# Fly fishing for bream



## FishWalton (Jul 22, 2010)

The "Fly Fishing" category seems to be all salt water.

How about hearing from those who like to use a fly rod for breamd/bass. What type of rod(s) do you have, type of fly/bug, locations. etc. The weather may need to get a bit warmer to bring out the bugs but courious to know if there are any fresh water fly rod users here?


----------



## sniperpeeps (Mar 5, 2011)

Wolly Boogers are great for bluegills and crappie. Mosquito works well also. For bass I like a Frog mimic or a popper


----------



## sureline (Oct 19, 2007)

I like a round denny, been years but i'm going to start again


----------



## pcolapaddler (Sep 27, 2007)

I have an old 4/5wt 6' South Bend rod that I use for Bream. It is good for short casts / tight areas. It was paired with a Daiwa reel that is around 35 yrs old. I just replaced it with an inexpensive reel from Wal-Mart. I have the rod overlined with 6 wt WF line.

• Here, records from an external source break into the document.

fun fv :: "trm \<Rightarrow> var set" where
  "fv (Var x) = {x}"
| "fv (Lam x M) = fv M - {x}"
| "fv (App M N) = fv M \<union> fv N"
| "fv (Sel M l) = fv M"
| "fv (Rec R) = (\<Union>p\<in>set R. fv (snd p))"
| "fv (Merge M R) = fv M \<union> (\<Union>p\<in>set R. fv (snd p))"

fun wf_trm :: "trm \<Rightarrow> bool" where
  "wf_trm (Var x) = True"
| "wf_trm (Lam x M) = wf_trm M"
| "wf_trm (App M N) = (wf_trm M \<and> wf_trm N)"
| "wf_trm (Sel M l) = wf_trm M"
| "wf_trm (Rec R) = (distinct (map fst R) \<and> (\<forall>p\<in>set R. wf_trm (snd p)))"
| "wf_trm (Merge M R) = (wf_trm M \<and> distinct (map fst R) \<and> (\<forall>p\<in>set R. wf_trm (snd p)))"

text \<open>The fixed point combinator Y = \<lambda>f.(\<lambda>x.f(xx))(\<lambda>x.f(xx)) (closed, so the
  choice of bound names 0, 1 is immaterial).\<close>
definition Ycomb :: trm where
  "Ycomb = Lam 0 (App (Lam 1 (App (Var 0) (App (Var 1) (Var 1))))
                      (Lam 1 (App (Var 0) (App (Var 1) (Var 1)))))"

definition mixin :: "var \<Rightarrow> var \<Rightarrow> var \<Rightarrow> (label \<times> trm) list \<Rightarrow> trm" where
  "mixin a m s R = Lam a (App Ycomb (Lam m (Lam s (Merge (App (Var a) (Var s)) R))))"

text \<open>One syntax for both \<open>\<sigma>\<close>-types and \<open>\<rho>\<close>-types (intersection is shared);
  \<open>REmp\<close> = <>, \<open>Fld l \<sigma>\<close> = <l:sigma>, \<open>Plus\<close> = +.\<close>
datatype ty =
    Atom atom
  | Omega
  | Arr ty ty
  | Inter ty ty
  | REmp
  | Fld label ty
  | Plus ty ty

fun rshape :: "ty \<Rightarrow> bool" where
  "rshape REmp = True"
| "rshape (Fld l s) = True"
| "rshape (Plus r1 r2) = (rshape r1 \<and> rshape r2)"
| "rshape (Inter r1 r2) = (rshape r1 \<and> rshape r2)"
| "rshape _ = False"

fun isT :: "ty \<Rightarrow> bool" where
  "isT (Atom a) = True"
| "isT Omega = True"
| "isT (Arr s t) = (isT s \<and> isT t)"
| "isT (Inter s t) = (isT s \<and> isT t)"
| "isT REmp = True"
| "isT (Fld l s) = isT s"
| "isT (Plus r1 r2) = (rshape r1 \<and> rshape r2 \<and> isT r1 \<and> isT r2)"

definition isR :: "ty \<Rightarrow> bool" where
  "isR r \<longleftrightarrow> rshape r \<and> isT r"

fun lblT :: "ty \<Rightarrow> label set" where
  "lblT REmp = {}"
| "lblT (Fld l s) = {l}"
| "lblT (Inter r1 r2) = lblT r1 \<union> lblT r2"
| "lblT (Plus r1 r2) = lblT r1 \<union> lblT r2"
| "lblT _ = {}"

fun plus_free :: "ty \<Rightarrow> bool" where
  "plus_free (Arr s t) = (plus_free s \<and> plus_free t)"
| "plus_free (Inter s t) = (plus_free s \<and> plus_free t)"
| "plus_free (Fld l s) = plus_free s"
| "plus_free (Plus r1 r2) = False"
| "plus_free _ = True"

inductive sub :: "ty \<Rightarrow> ty \<Rightarrow> bool" where
  refl: "isT s \<Longrightarrow> sub s s"
| trans: "sub s t \<Longrightarrow> sub t u \<Longrightarrow> sub s u"
| omega: "isT s \<Longrightarrow> sub s Omega"
| omega_arr: "sub Omega (Arr Omega Omega)"
| inter_l: "isT s \<Longrightarrow> isT t \<Longrightarrow> sub (Inter s t) s"
| inter_r: "isT s \<Longrightarrow> isT t \<Longrightarrow> sub (Inter s t) t"
| inter_glb: "sub s t1 \<Longrightarrow> sub s t2 \<Longrightarrow> sub s (Inter t1 t2)"
| arr_inter: "isT s \<Longrightarrow> isT t1 \<Longrightarrow> isT t2 \<Longrightarrow>
     sub (Inter (Arr s t1) (Arr s t2)) (Arr s (Inter t1 t2))"
| arr: "sub s2 s1 \<Longrightarrow> sub t1 t2 \<Longrightarrow> sub (Arr s1 t1) (Arr s2 t2)"
| fld_emp: "isT s \<Longrightarrow> sub (Fld l s) REmp"
| fld_inter: "isT s \<Longrightarrow> isT t \<Longrightarrow> sub (Inter (Fld l s) (Fld l t)) (Fld l (Inter s t))"
| fld_mono: "sub s t \<Longrightarrow> sub (Fld l s) (Fld l t)"
| plus_emp_r1: "isR r \<Longrightarrow> sub (Plus r REmp) r"
| plus_emp_r2: "isR r \<Longrightarrow> sub r (Plus r REmp)"
| plus_emp_l1: "isR r \<Longrightarrow> sub (Plus REmp r) r"
| plus_emp_l2: "isR r \<Longrightarrow> sub r (Plus REmp r)"
| plus_assoc1: "isR r1 \<Longrightarrow> isR r2 \<Longrightarrow> isR r3 \<Longrightarrow>
     sub (Plus (Plus r1 r2) r3) (Plus r1 (Plus r2 r3))"
| plus_assoc2: "isR r1 \<Longrightarrow> isR r2 \<Longrightarrow> isR r3 \<Longrightarrow>
     sub (Plus r1 (Plus r2 r3)) (Plus (Plus r1 r2) r3)"
| plus_distr1: "isR r1 \<Longrightarrow> isR r2 \<Longrightarrow> isR r3 \<Longrightarrow>
     sub (Plus (Inter r1 r2) r3) (Inter (Plus r1 r3) (Plus r2 r3))"
| plus_distr2: "isR r1 \<Longrightarrow> isR r2 \<Longrightarrow> isR r3 \<Longrightarrow>
     sub (Inter (Plus r1 r3) (Plus r2 r3)) (Plus (Inter r1 r2) r3)"
| plus_ovr1: "isT s \<Longrightarrow> isT t \<Longrightarrow> isR r \<Longrightarrow>
     sub (Plus (Fld l s) (Inter (Fld l t) r)) (Inter (Fld l t) r)"
| plus_ovr2: "isT s \<Longrightarrow> isT t \<Longrightarrow> isR r \<Longrightarrow>
     sub (Inter (Fld l t) r) (Plus (Fld l s) (Inter (Fld l t) r))"
| plus_ext1: "l \<noteq> l' \<Longrightarrow> isT s \<Longrightarrow> isT t \<Longrightarrow> isR r \<Longrightarrow>
     sub (Plus (Fld l s) (Inter (Fld l' t) r)) (Inter (Fld l' t) (Plus (Fld l s) r))"
| plus_ext2: "l \<noteq> l' \<Longrightarrow> isT s \<Longrightarrow> isT t \<Longrightarrow> isR r \<Longrightarrow>
     sub (Inter (Fld l' t) (Plus (Fld l s) r)) (Plus (Fld l s) (Inter (Fld l' t) r))"
| plus_mono: "sub r1 r2 \<Longrightarrow> isR r1 \<Longrightarrow> isR r2 \<Longrightarrow> isR r \<Longrightarrow>
     sub (Plus r1 r) (Plus r2 r)"
| plus_cong: "sub r1 r2 \<Longrightarrow> sub r2 r1 \<Longrightarrow> isR r1 \<Longrightarrow> isR r2 \<Longrightarrow> isR r \<Longrightarrow>
     sub (Plus r r1) (Plus r r2)"

type_synonym basis = "var \<Rightarrow> ty option"

inductive typing :: "basis \<Rightarrow> trm \<Rightarrow> ty \<Rightarrow> bool" where
  t_var: "\<Gamma> x = Some s \<Longrightarrow> typing \<Gamma> (Var x) s"
| t_abs: "isT s \<Longrightarrow> typing (\<Gamma>(x \<mapsto> s)) M t \<Longrightarrow> typing \<Gamma> (Lam x M) (Arr s t)"
| t_app: "typing \<Gamma> M (Arr s t) \<Longrightarrow> typing \<Gamma> N s \<Longrightarrow> typing \<Gamma> (App M N) t"
| t_inter: "typing \<Gamma> M s \<Longrightarrow> typing \<Gamma> M t \<Longrightarrow> typing \<Gamma> M (Inter s t)"
| t_omega: "typing \<Gamma> M Omega"
| t_sub: "typing \<Gamma> M s \<Longrightarrow> sub s t \<Longrightarrow> typing \<Gamma> M t"
| t_rec_emp: "typing \<Gamma> (Rec R) REmp"
| t_rec_fld: "(l, N) \<in> set R \<Longrightarrow> typing \<Gamma> N s \<Longrightarrow> typing \<Gamma> (Rec R) (Fld l s)"
| t_sel: "typing \<Gamma> M (Fld l s) \<Longrightarrow> typing \<Gamma> (Sel M l) s"
| t_merge: "typing \<Gamma> M r1 \<Longrightarrow> typing \<Gamma> (Rec R) r2 \<Longrightarrow> lblR R = lblT r2 \<Longrightarrow>
     isR r1 \<Longrightarrow> isR r2 \<Longrightarrow> typing \<Gamma> (Merge M R) (Plus r1 r2)"

text \<open>Unary constructors: \<open>RecC\<close> = <<.>>, \<open>LabC l\<close> = l(.).\<close>
datatype con = RecC | LabC label

datatype ctyp =
    CAtom atom
  | CVar tvar
  | COmega
  | CArr ctyp ctyp
  | CInter ctyp ctyp
  | CCon con ctyp

fun con_ok :: "label set \<Rightarrow> con \<Rightarrow> bool" where
  "con_ok L RecC = True"
| "con_ok L (LabC l) = (l \<in> L)"

fun isTC :: "label set \<Rightarrow> ctyp \<Rightarrow> bool" where
  "isTC L (CArr s t) = (isTC L s \<and> isTC L t)"
| "isTC L (CInter s t) = (isTC L s \<and> isTC L t)"
| "isTC L (CCon c t) = (con_ok L c \<and> isTC L t)"
| "isTC L _ = True"

inductive csub :: "label set \<Rightarrow> ctyp \<Rightarrow> ctyp \<Rightarrow> bool" for L where
  crefl: "isTC L s \<Longrightarrow> csub L s s"
| ctrans: "csub L s t \<Longrightarrow> csub L t u \<Longrightarrow> csub L s u"
| comega: "isTC L s \<Longrightarrow> csub L s COmega"
| comega_arr: "csub L COmega (CArr COmega COmega)"
| cinter_l: "isTC L s \<Longrightarrow> isTC L t \<Longrightarrow> csub L (CInter s t) s"
| cinter_r: "isTC L s \<Longrightarrow> isTC L t \<Longrightarrow> csub L (CInter s t) t"
| cinter_glb: "csub L s t1 \<Longrightarrow> csub L s t2 \<Longrightarrow> csub L s (CInter t1 t2)"
| carr_inter: "isTC L s \<Longrightarrow> isTC L t1 \<Longrightarrow> isTC L t2 \<Longrightarrow>
     csub L (CInter (CArr s t1) (CArr s t2)) (CArr s (CInter t1 t2))"
| carr: "csub L s2 s1 \<Longrightarrow> csub L t1 t2 \<Longrightarrow> csub L (CArr s1 t1) (CArr s2 t2)"
| ccon_mono: "con_ok L c \<Longrightarrow> csub L t1 t2 \<Longrightarrow> csub L (CCon c t1) (CCon c t2)"
| ccon_inter: "con_ok L c \<Longrightarrow> isTC L t1 \<Longrightarrow> isTC L t2 \<Longrightarrow>
     csub L (CInter (CCon c t1) (CCon c t2)) (CCon c (CInter t1 t2))"

definition ceq :: "label set \<Rightarrow> ctyp \<Rightarrow> ctyp \<Rightarrow> bool" where
  "ceq L s t \<longleftrightarrow> csub L s t \<and> csub L t s"

fun csubst :: "(tvar \<Rightarrow> ctyp) \<Rightarrow> ctyp \<Rightarrow> ctyp" where
  "csubst S (CVar v) = S v"
| "csubst S (CArr s t) = CArr (csubst S s) (csubst S t)"
| "csubst S (CInter s t) = CInter (csubst S s) (csubst S t)"
| "csubst S (CCon c t) = CCon c (csubst S t)"
| "csubst S t = t"

fun tr :: "label set \<Rightarrow> ty \<Rightarrow> ctyp option" where
  "tr L Omega = Some COmega"
| "tr L (Atom a) = Some (CAtom a)"
| "tr L (Arr s t) = (case (tr L s, tr L t) of
      (Some s', Some t') \<Rightarrow> Some (CArr s' t') | _ \<Rightarrow> None)"
| "tr L (Inter s t) = (case (tr L s, tr L t) of
      (Some s', Some t') \<Rightarrow> Some (CInter s' t') | _ \<Rightarrow> None)"
| "tr L (Fld l t) = (if l \<in> L then
      (case tr L t of Some t' \<Rightarrow> Some (CCon RecC (CCon (LabC l) t')) | None \<Rightarrow> None)
      else None)"
| "tr L REmp = Some (CCon RecC COmega)"
| "tr L (Plus r1 r2) = None"

text \<open>Given the translations \<open>ts, tr1, tr2\<close> of \<open>\<sigma>, \<rho>\<^sub>1, \<rho>\<^sub>2\<close> and the type variables
  \<open>\<alpha> l\<close>, the finite intersection over \<open>L - lbl R\<close> is taken in increasing label order.\<close>
definition tauM :: "label set \<Rightarrow> label set \<Rightarrow> (label \<Rightarrow> tvar) \<Rightarrow> ctyp \<Rightarrow> ctyp \<Rightarrow> ctyp \<Rightarrow> ctyp" where
  "tauM L lR \<alpha> ts tr1 tr2 =
     foldl (\<lambda>acc l. CInter acc
              (CArr (CArr ts (CCon RecC (CCon (LabC l) (CVar (\<alpha> l)))))
                    (CArr ts (CCon RecC (CCon (LabC l) (CVar (\<alpha> l)))))))
           (CArr (CArr ts tr1) (CArr ts tr2))
           (sorted_list_of_set (L - lR))"

end

theory Submission
  imports Defs
begin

For flies, I like Round Dinny poppers, Wooly Boogers, esp with a bead head. I bought some Pistol Pete flies while visiting my Uncle in Colorado & have found them to be effective. They are essentially a short Wooly Booger with a spinner/propeller on the front. It helps them to sink & the propeller spins with very little movement.

I don't actively pursue bass, but do catch a few from time to time.


----------



## timeflies (Oct 3, 2007)

Dont be afraid to wander down to the fly fishing section, we fish anywhere there is water! My old man has started freshwater fishing again, so when I go, I will take a fly rod. Been building poppers in size 8 and 10 for the panfish, and spinning bugs for bass. If you like to tie, there are some cool things you can do for freshwater. As for your question, a 6wt with a wf floating line is great all around for pretty much all freshwater stuff, but If you are just after bream, a 4-5wt is perfect!


----------